*** Block opens ***
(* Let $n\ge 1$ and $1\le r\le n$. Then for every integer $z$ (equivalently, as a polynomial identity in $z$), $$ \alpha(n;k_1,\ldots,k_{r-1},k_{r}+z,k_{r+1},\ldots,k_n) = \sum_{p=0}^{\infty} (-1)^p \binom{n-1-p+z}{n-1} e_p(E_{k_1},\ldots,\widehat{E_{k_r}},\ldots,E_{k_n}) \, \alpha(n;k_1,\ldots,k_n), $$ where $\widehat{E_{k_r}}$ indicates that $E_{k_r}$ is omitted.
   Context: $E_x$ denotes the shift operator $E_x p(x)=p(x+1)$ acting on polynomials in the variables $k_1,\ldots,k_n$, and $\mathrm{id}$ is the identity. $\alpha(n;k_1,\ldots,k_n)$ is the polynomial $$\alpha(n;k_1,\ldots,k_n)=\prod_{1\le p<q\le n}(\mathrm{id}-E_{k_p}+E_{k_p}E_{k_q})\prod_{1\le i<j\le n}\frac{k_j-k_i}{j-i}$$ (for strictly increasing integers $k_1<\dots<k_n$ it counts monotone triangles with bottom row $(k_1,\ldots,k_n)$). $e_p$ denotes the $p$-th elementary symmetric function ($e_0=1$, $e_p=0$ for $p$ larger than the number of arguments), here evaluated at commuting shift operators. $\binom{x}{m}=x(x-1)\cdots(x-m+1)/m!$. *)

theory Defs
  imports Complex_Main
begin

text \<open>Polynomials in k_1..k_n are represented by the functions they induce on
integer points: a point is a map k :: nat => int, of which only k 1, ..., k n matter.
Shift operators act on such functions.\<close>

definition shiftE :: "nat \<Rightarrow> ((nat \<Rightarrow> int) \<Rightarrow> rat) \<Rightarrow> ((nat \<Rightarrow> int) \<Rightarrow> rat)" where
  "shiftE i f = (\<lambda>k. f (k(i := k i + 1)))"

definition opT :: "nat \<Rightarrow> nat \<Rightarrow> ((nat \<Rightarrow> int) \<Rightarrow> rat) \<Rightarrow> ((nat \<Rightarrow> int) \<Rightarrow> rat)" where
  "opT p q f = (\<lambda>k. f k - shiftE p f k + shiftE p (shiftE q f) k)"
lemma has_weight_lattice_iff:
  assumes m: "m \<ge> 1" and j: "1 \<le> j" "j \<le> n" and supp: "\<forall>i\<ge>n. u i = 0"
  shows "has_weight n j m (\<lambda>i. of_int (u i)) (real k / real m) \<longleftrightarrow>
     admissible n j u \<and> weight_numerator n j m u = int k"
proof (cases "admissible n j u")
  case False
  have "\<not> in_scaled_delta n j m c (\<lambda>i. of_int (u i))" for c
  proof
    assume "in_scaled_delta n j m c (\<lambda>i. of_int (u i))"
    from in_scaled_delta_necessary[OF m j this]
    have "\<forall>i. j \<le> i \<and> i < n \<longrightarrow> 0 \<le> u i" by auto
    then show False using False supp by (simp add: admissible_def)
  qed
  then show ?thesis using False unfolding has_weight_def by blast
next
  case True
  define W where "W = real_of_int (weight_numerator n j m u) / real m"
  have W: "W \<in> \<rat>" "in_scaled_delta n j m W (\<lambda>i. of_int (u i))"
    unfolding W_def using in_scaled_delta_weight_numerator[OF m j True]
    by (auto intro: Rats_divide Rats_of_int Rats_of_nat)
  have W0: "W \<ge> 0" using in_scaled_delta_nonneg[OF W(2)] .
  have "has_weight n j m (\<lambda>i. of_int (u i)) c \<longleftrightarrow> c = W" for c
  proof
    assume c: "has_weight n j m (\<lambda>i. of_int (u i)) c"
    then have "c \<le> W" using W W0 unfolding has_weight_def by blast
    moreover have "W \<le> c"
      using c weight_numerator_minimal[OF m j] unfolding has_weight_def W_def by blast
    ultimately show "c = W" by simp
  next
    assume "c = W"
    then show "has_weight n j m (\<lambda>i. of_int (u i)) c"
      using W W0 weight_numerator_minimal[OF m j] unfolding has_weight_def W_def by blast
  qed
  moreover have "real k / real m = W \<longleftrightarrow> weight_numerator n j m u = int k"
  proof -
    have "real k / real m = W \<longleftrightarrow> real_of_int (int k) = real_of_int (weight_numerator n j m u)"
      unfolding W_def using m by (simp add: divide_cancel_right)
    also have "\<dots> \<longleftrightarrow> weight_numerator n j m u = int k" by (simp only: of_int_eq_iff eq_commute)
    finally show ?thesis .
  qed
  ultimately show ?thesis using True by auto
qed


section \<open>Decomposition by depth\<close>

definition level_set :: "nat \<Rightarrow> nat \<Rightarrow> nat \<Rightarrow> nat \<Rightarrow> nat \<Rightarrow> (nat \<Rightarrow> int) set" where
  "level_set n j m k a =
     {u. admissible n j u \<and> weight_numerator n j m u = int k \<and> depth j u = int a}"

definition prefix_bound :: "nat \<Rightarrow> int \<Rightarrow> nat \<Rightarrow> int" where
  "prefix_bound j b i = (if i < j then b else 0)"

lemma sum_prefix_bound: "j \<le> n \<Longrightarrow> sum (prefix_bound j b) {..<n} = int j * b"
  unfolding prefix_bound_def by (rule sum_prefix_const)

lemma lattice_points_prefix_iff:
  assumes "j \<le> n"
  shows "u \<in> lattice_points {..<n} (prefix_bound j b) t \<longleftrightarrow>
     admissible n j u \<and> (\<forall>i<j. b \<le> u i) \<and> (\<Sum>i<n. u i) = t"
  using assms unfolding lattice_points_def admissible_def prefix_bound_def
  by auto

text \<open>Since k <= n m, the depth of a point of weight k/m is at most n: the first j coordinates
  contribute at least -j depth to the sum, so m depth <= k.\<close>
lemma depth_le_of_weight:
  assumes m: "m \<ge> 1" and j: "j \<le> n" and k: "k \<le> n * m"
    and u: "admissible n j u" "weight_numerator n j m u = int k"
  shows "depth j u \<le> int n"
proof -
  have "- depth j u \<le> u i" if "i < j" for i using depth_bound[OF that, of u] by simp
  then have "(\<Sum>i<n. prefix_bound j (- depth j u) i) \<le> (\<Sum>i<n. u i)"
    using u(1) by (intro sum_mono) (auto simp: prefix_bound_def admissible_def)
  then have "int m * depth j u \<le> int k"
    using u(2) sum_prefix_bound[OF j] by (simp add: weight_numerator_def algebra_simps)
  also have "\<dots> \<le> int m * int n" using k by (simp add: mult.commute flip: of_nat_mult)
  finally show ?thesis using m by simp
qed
*** Block closes ***
Transcribe each entry word for word.

(* Let $n\ge 1$ and $1\le r\le n$. Then for every integer $z$ (equivalently, as a polynomial identity in $z$), $$ \alpha(n;k_1,\ldots,k_{r-1},k_{r}+z,k_{r+1},\ldots,k_n) = \sum_{p=0}^{\infty} (-1)^p \binom{n-1-p+z}{n-1} e_p(E_{k_1},\ldots,\widehat{E_{k_r}},\ldots,E_{k_n}) \, \alpha(n;k_1,\ldots,k_n), $$ where $\widehat{E_{k_r}}$ indicates that $E_{k_r}$ is omitted.
   Context: $E_x$ denotes the shift operator $E_x p(x)=p(x+1)$ acting on polynomials in the variables $k_1,\ldots,k_n$, and $\mathrm{id}$ is the identity. $\alpha(n;k_1,\ldots,k_n)$ is the polynomial $$\alpha(n;k_1,\ldots,k_n)=\prod_{1\le p<q\le n}(\mathrm{id}-E_{k_p}+E_{k_p}E_{k_q})\prod_{1\le i<j\le n}\frac{k_j-k_i}{j-i}$$ (for strictly increasing integers $k_1<\dots<k_n$ it counts monotone triangles with bottom row $(k_1,\ldots,k_n)$). $e_p$ denotes the $p$-th elementary symmetric function ($e_0=1$, $e_p=0$ for $p$ larger than the number of arguments), here evaluated at commuting shift operators. $\binom{x}{m}=x(x-1)\cdots(x-m+1)/m!$. *)

theory Defs
  imports Complex_Main
begin

text \<open>Polynomials in k_1..k_n are represented by the functions they induce on
integer points: a point is a map k :: nat => int, of which only k 1, ..., k n matter.
Shift operators act on such functions.\<close>

definition shiftE :: "nat \<Rightarrow> ((nat \<Rightarrow> int) \<Rightarrow> rat) \<Rightarrow> ((nat \<Rightarrow> int) \<Rightarrow> rat)" where
  "shiftE i f = (\<lambda>k. f (k(i := k i + 1)))"

definition opT :: "nat \<Rightarrow> nat \<Rightarrow> ((nat \<Rightarrow> int) \<Rightarrow> rat) \<Rightarrow> ((nat \<Rightarrow> int) \<Rightarrow> rat)" where
  "opT p q f = (\<lambda>k. f k - shiftE p f k + shiftE p (shiftE q f) k)"
lemma has_weight_lattice_iff:
  assumes m: "m \<ge> 1" and j: "1 \<le> j" "j \<le> n" and supp: "\<forall>i\<ge>n. u i = 0"
  shows "has_weight n j m (\<lambda>i. of_int (u i)) (real k / real m) \<longleftrightarrow>
     admissible n j u \<and> weight_numerator n j m u = int k"
proof (cases "admissible n j u")
  case False
  have "\<not> in_scaled_delta n j m c (\<lambda>i. of_int (u i))" for c
  proof
    assume "in_scaled_delta n j m c (\<lambda>i. of_int (u i))"
    from in_scaled_delta_necessary[OF m j this]
    have "\<forall>i. j \<le> i \<and> i < n \<longrightarrow> 0 \<le> u i" by auto
    then show False using False supp by (simp add: admissible_def)
  qed
  then show ?thesis using False unfolding has_weight_def by blast
next
  case True
  define W where "W = real_of_int (weight_numerator n j m u) / real m"
  have W: "W \<in> \<rat>" "in_scaled_delta n j m W (\<lambda>i. of_int (u i))"
    unfolding W_def using in_scaled_delta_weight_numerator[OF m j True]
    by (auto intro: Rats_divide Rats_of_int Rats_of_nat)
  have W0: "W \<ge> 0" using in_scaled_delta_nonneg[OF W(2)] .
  have "has_weight n j m (\<lambda>i. of_int (u i)) c \<longleftrightarrow> c = W" for c
  proof
    assume c: "has_weight n j m (\<lambda>i. of_int (u i)) c"
    then have "c \<le> W" using W W0 unfolding has_weight_def by blast
    moreover have "W \<le> c"
      using c weight_numerator_minimal[OF m j] unfolding has_weight_def W_def by blast
    ultimately show "c = W" by simp
  next
    assume "c = W"
    then show "has_weight n j m (\<lambda>i. of_int (u i)) c"
      using W W0 weight_numerator_minimal[OF m j] unfolding has_weight_def W_def by blast
  qed
  moreover have "real k / real m = W \<longleftrightarrow> weight_numerator n j m u = int k"
  proof -
    have "real k / real m = W \<longleftrightarrow> real_of_int (int k) = real_of_int (weight_numerator n j m u)"
      unfolding W_def using m by (simp add: divide_cancel_right)
    also have "\<dots> \<longleftrightarrow> weight_numerator n j m u = int k" by (simp only: of_int_eq_iff eq_commute)
    finally show ?thesis .
  qed
  ultimately show ?thesis using True by auto
qed


section \<open>Decomposition by depth\<close>

definition level_set :: "nat \<Rightarrow> nat \<Rightarrow> nat \<Rightarrow> nat \<Rightarrow> nat \<Rightarrow> (nat \<Rightarrow> int) set" where
  "level_set n j m k a =
     {u. admissible n j u \<and> weight_numerator n j m u = int k \<and> depth j u = int a}"

definition prefix_bound :: "nat \<Rightarrow> int \<Rightarrow> nat \<Rightarrow> int" where
  "prefix_bound j b i = (if i < j then b else 0)"

lemma sum_prefix_bound: "j \<le> n \<Longrightarrow> sum (prefix_bound j b) {..<n} = int j * b"
  unfolding prefix_bound_def by (rule sum_prefix_const)

lemma lattice_points_prefix_iff:
  assumes "j \<le> n"
  shows "u \<in> lattice_points {..<n} (prefix_bound j b) t \<longleftrightarrow>
     admissible n j u \<and> (\<forall>i<j. b \<le> u i) \<and> (\<Sum>i<n. u i) = t"
  using assms unfolding lattice_points_def admissible_def prefix_bound_def
  by auto

text \<open>Since k <= n m, the depth of a point of weight k/m is at most n: the first j coordinates
  contribute at least -j depth to the sum, so m depth <= k.\<close>
lemma depth_le_of_weight:
  assumes m: "m \<ge> 1" and j: "j \<le> n" and k: "k \<le> n * m"
    and u: "admissible n j u" "weight_numerator n j m u = int k"
  shows "depth j u \<le> int n"
proof -
  have "- depth j u \<le> u i" if "i < j" for i using depth_bound[OF that, of u] by simp
  then have "(\<Sum>i<n. prefix_bound j (- depth j u) i) \<le> (\<Sum>i<n. u i)"
    using u(1) by (intro sum_mono) (auto simp: prefix_bound_def admissible_def)
  then have "int m * depth j u \<le> int k"
    using u(2) sum_prefix_bound[OF j] by (simp add: weight_numerator_def algebra_simps)
  also have "\<dots> \<le> int m * int n" using k by (simp add: mult.commute flip: of_nat_mult)
  finally show ?thesis using m by simp
qed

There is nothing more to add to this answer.